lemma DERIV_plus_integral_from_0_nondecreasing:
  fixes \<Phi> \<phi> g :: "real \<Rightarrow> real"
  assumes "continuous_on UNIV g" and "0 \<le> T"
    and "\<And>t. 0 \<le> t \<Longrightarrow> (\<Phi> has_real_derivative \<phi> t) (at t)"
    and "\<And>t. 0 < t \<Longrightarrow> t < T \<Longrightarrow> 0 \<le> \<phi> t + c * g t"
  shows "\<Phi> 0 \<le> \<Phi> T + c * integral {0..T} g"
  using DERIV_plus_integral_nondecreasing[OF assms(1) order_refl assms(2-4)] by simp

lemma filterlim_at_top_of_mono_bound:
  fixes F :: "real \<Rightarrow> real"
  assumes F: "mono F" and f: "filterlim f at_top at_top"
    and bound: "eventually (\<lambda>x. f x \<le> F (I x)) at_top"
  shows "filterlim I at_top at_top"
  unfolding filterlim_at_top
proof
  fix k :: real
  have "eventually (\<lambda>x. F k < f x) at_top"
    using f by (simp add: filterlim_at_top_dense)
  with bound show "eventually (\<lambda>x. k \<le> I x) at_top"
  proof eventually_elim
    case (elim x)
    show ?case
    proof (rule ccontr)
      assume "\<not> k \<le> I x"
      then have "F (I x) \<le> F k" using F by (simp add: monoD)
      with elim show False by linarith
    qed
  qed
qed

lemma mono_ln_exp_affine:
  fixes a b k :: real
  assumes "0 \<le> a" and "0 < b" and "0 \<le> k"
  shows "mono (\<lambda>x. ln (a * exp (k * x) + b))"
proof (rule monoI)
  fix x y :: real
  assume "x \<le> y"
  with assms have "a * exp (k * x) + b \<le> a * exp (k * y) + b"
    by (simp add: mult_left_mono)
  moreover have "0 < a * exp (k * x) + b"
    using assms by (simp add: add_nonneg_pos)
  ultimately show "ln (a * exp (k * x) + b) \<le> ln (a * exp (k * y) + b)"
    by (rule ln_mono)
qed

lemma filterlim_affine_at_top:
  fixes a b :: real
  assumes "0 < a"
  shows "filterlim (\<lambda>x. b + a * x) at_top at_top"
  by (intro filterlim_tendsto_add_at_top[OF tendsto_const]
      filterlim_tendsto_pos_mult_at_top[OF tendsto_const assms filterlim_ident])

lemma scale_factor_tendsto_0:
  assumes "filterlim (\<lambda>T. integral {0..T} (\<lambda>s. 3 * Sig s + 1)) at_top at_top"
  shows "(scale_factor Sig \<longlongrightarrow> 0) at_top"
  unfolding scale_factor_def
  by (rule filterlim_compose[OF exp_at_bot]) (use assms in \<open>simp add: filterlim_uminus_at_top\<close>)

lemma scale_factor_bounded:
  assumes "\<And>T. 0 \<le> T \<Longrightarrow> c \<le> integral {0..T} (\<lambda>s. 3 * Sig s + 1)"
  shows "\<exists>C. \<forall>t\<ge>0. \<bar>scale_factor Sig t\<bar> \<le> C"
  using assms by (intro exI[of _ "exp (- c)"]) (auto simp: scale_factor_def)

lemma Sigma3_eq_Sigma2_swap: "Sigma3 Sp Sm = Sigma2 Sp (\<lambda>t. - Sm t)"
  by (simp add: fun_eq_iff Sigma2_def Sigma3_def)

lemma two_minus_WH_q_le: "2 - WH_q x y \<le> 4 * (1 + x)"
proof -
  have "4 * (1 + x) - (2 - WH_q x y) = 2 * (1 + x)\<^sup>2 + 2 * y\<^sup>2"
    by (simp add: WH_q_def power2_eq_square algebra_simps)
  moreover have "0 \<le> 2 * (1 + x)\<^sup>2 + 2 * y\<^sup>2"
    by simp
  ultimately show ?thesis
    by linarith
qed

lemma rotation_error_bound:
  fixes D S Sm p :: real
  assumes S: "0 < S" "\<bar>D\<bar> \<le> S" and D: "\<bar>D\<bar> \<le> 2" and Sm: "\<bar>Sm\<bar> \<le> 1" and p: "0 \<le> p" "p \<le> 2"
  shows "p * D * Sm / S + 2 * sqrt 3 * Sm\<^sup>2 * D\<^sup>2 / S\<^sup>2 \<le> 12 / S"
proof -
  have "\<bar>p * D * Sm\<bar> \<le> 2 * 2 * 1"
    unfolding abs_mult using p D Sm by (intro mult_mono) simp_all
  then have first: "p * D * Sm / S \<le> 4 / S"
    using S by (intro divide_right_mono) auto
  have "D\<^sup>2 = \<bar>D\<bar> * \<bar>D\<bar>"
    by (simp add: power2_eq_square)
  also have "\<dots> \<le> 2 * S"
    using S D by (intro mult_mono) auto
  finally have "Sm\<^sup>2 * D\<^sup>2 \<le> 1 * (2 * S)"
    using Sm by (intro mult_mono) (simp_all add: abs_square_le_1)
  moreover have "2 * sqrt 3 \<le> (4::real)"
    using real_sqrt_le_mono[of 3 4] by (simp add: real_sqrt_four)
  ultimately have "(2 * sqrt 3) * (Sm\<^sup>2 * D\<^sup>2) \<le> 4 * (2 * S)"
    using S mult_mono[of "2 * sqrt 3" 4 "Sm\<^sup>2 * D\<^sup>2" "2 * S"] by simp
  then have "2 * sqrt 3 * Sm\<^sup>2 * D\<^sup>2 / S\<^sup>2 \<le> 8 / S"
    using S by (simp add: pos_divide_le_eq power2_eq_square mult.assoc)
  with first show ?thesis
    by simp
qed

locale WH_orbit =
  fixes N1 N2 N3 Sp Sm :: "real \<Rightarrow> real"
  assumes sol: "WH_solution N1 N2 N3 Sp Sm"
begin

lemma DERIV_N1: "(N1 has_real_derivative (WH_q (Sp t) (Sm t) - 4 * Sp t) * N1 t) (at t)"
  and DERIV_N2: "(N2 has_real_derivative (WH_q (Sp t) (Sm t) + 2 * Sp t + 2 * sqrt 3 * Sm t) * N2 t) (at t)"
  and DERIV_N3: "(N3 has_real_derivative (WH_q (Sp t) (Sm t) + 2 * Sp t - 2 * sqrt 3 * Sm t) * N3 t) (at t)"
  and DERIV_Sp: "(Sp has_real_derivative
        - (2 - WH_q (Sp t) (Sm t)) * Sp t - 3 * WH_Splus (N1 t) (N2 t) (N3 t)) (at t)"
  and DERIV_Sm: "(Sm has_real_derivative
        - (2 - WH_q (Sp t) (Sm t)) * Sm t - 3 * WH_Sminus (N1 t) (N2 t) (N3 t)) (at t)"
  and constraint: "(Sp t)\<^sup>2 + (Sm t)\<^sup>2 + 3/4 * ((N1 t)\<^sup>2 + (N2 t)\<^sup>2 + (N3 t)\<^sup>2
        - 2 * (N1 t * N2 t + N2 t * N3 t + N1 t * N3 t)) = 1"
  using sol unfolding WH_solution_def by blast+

_ _ _ _ _ _ _

* What you need to do *
Print the full listing verbatim. Leave nothing out.

* Completed task *
lemma DERIV_plus_integral_from_0_nondecreasing:
  fixes \<Phi> \<phi> g :: "real \<Rightarrow> real"
  assumes "continuous_on UNIV g" and "0 \<le> T"
    and "\<And>t. 0 \<le> t \<Longrightarrow> (\<Phi> has_real_derivative \<phi> t) (at t)"
    and "\<And>t. 0 < t \<Longrightarrow> t < T \<Longrightarrow> 0 \<le> \<phi> t + c * g t"
  shows "\<Phi> 0 \<le> \<Phi> T + c * integral {0..T} g"
  using DERIV_plus_integral_nondecreasing[OF assms(1) order_refl assms(2-4)] by simp

lemma filterlim_at_top_of_mono_bound:
  fixes F :: "real \<Rightarrow> real"
  assumes F: "mono F" and f: "filterlim f at_top at_top"
    and bound: "eventually (\<lambda>x. f x \<le> F (I x)) at_top"
  shows "filterlim I at_top at_top"
  unfolding filterlim_at_top
proof
  fix k :: real
  have "eventually (\<lambda>x. F k < f x) at_top"
    using f by (simp add: filterlim_at_top_dense)
  with bound show "eventually (\<lambda>x. k \<le> I x) at_top"
  proof eventually_elim
    case (elim x)
    show ?case
    proof (rule ccontr)
      assume "\<not> k \<le> I x"
      then have "F (I x) \<le> F k" using F by (simp add: monoD)
      with elim show False by linarith
    qed
  qed
qed

lemma mono_ln_exp_affine:
  fixes a b k :: real
  assumes "0 \<le> a" and "0 < b" and "0 \<le> k"
  shows "mono (\<lambda>x. ln (a * exp (k * x) + b))"
proof (rule monoI)
  fix x y :: real
  assume "x \<le> y"
  with assms have "a * exp (k * x) + b \<le> a * exp (k * y) + b"
    by (simp add: mult_left_mono)
  moreover have "0 < a * exp (k * x) + b"
    using assms by (simp add: add_nonneg_pos)
  ultimately show "ln (a * exp (k * x) + b) \<le> ln (a * exp (k * y) + b)"
    by (rule ln_mono)
qed

lemma filterlim_affine_at_top:
  fixes a b :: real
  assumes "0 < a"
  shows "filterlim (\<lambda>x. b + a * x) at_top at_top"
  by (intro filterlim_tendsto_add_at_top[OF tendsto_const]
      filterlim_tendsto_pos_mult_at_top[OF tendsto_const assms filterlim_ident])

lemma scale_factor_tendsto_0:
  assumes "filterlim (\<lambda>T. integral {0..T} (\<lambda>s. 3 * Sig s + 1)) at_top at_top"
  shows "(scale_factor Sig \<longlongrightarrow> 0) at_top"
  unfolding scale_factor_def
  by (rule filterlim_compose[OF exp_at_bot]) (use assms in \<open>simp add: filterlim_uminus_at_top\<close>)

lemma scale_factor_bounded:
  assumes "\<And>T. 0 \<le> T \<Longrightarrow> c \<le> integral {0..T} (\<lambda>s. 3 * Sig s + 1)"
  shows "\<exists>C. \<forall>t\<ge>0. \<bar>scale_factor Sig t\<bar> \<le> C"
  using assms by (intro exI[of _ "exp (- c)"]) (auto simp: scale_factor_def)

lemma Sigma3_eq_Sigma2_swap: "Sigma3 Sp Sm = Sigma2 Sp (\<lambda>t. - Sm t)"
  by (simp add: fun_eq_iff Sigma2_def Sigma3_def)

lemma two_minus_WH_q_le: "2 - WH_q x y \<le> 4 * (1 + x)"
proof -
  have "4 * (1 + x) - (2 - WH_q x y) = 2 * (1 + x)\<^sup>2 + 2 * y\<^sup>2"
    by (simp add: WH_q_def power2_eq_square algebra_simps)
  moreover have "0 \<le> 2 * (1 + x)\<^sup>2 + 2 * y\<^sup>2"
    by simp
  ultimately show ?thesis
    by linarith
qed

lemma rotation_error_bound:
  fixes D S Sm p :: real
  assumes S: "0 < S" "\<bar>D\<bar> \<le> S" and D: "\<bar>D\<bar> \<le> 2" and Sm: "\<bar>Sm\<bar> \<le> 1" and p: "0 \<le> p" "p \<le> 2"
  shows "p * D * Sm / S + 2 * sqrt 3 * Sm\<^sup>2 * D\<^sup>2 / S\<^sup>2 \<le> 12 / S"
proof -
  have "\<bar>p * D * Sm\<bar> \<le> 2 * 2 * 1"
    unfolding abs_mult using p D Sm by (intro mult_mono) simp_all
  then have first: "p * D * Sm / S \<le> 4 / S"
    using S by (intro divide_right_mono) auto
  have "D\<^sup>2 = \<bar>D\<bar> * \<bar>D\<bar>"
    by (simp add: power2_eq_square)
  also have "\<dots> \<le> 2 * S"
    using S D by (intro mult_mono) auto
  finally have "Sm\<^sup>2 * D\<^sup>2 \<le> 1 * (2 * S)"
    using Sm by (intro mult_mono) (simp_all add: abs_square_le_1)
  moreover have "2 * sqrt 3 \<le> (4::real)"
    using real_sqrt_le_mono[of 3 4] by (simp add: real_sqrt_four)
  ultimately have "(2 * sqrt 3) * (Sm\<^sup>2 * D\<^sup>2) \<le> 4 * (2 * S)"
    using S mult_mono[of "2 * sqrt 3" 4 "Sm\<^sup>2 * D\<^sup>2" "2 * S"] by simp
  then have "2 * sqrt 3 * Sm\<^sup>2 * D\<^sup>2 / S\<^sup>2 \<le> 8 / S"
    using S by (simp add: pos_divide_le_eq power2_eq_square mult.assoc)
  with first show ?thesis
    by simp
qed

locale WH_orbit =
  fixes N1 N2 N3 Sp Sm :: "real \<Rightarrow> real"
  assumes sol: "WH_solution N1 N2 N3 Sp Sm"
begin

lemma DERIV_N1: "(N1 has_real_derivative (WH_q (Sp t) (Sm t) - 4 * Sp t) * N1 t) (at t)"
  and DERIV_N2: "(N2 has_real_derivative (WH_q (Sp t) (Sm t) + 2 * Sp t + 2 * sqrt 3 * Sm t) * N2 t) (at t)"
  and DERIV_N3: "(N3 has_real_derivative (WH_q (Sp t) (Sm t) + 2 * Sp t - 2 * sqrt 3 * Sm t) * N3 t) (at t)"
  and DERIV_Sp: "(Sp has_real_derivative
        - (2 - WH_q (Sp t) (Sm t)) * Sp t - 3 * WH_Splus (N1 t) (N2 t) (N3 t)) (at t)"
  and DERIV_Sm: "(Sm has_real_derivative
        - (2 - WH_q (Sp t) (Sm t)) * Sm t - 3 * WH_Sminus (N1 t) (N2 t) (N3 t)) (at t)"
  and constraint: "(Sp t)\<^sup>2 + (Sm t)\<^sup>2 + 3/4 * ((N1 t)\<^sup>2 + (N2 t)\<^sup>2 + (N3 t)\<^sup>2
        - 2 * (N1 t * N2 t + N2 t * N3 t + N1 t * N3 t)) = 1"
  using sol unfolding WH_solution_def by blast+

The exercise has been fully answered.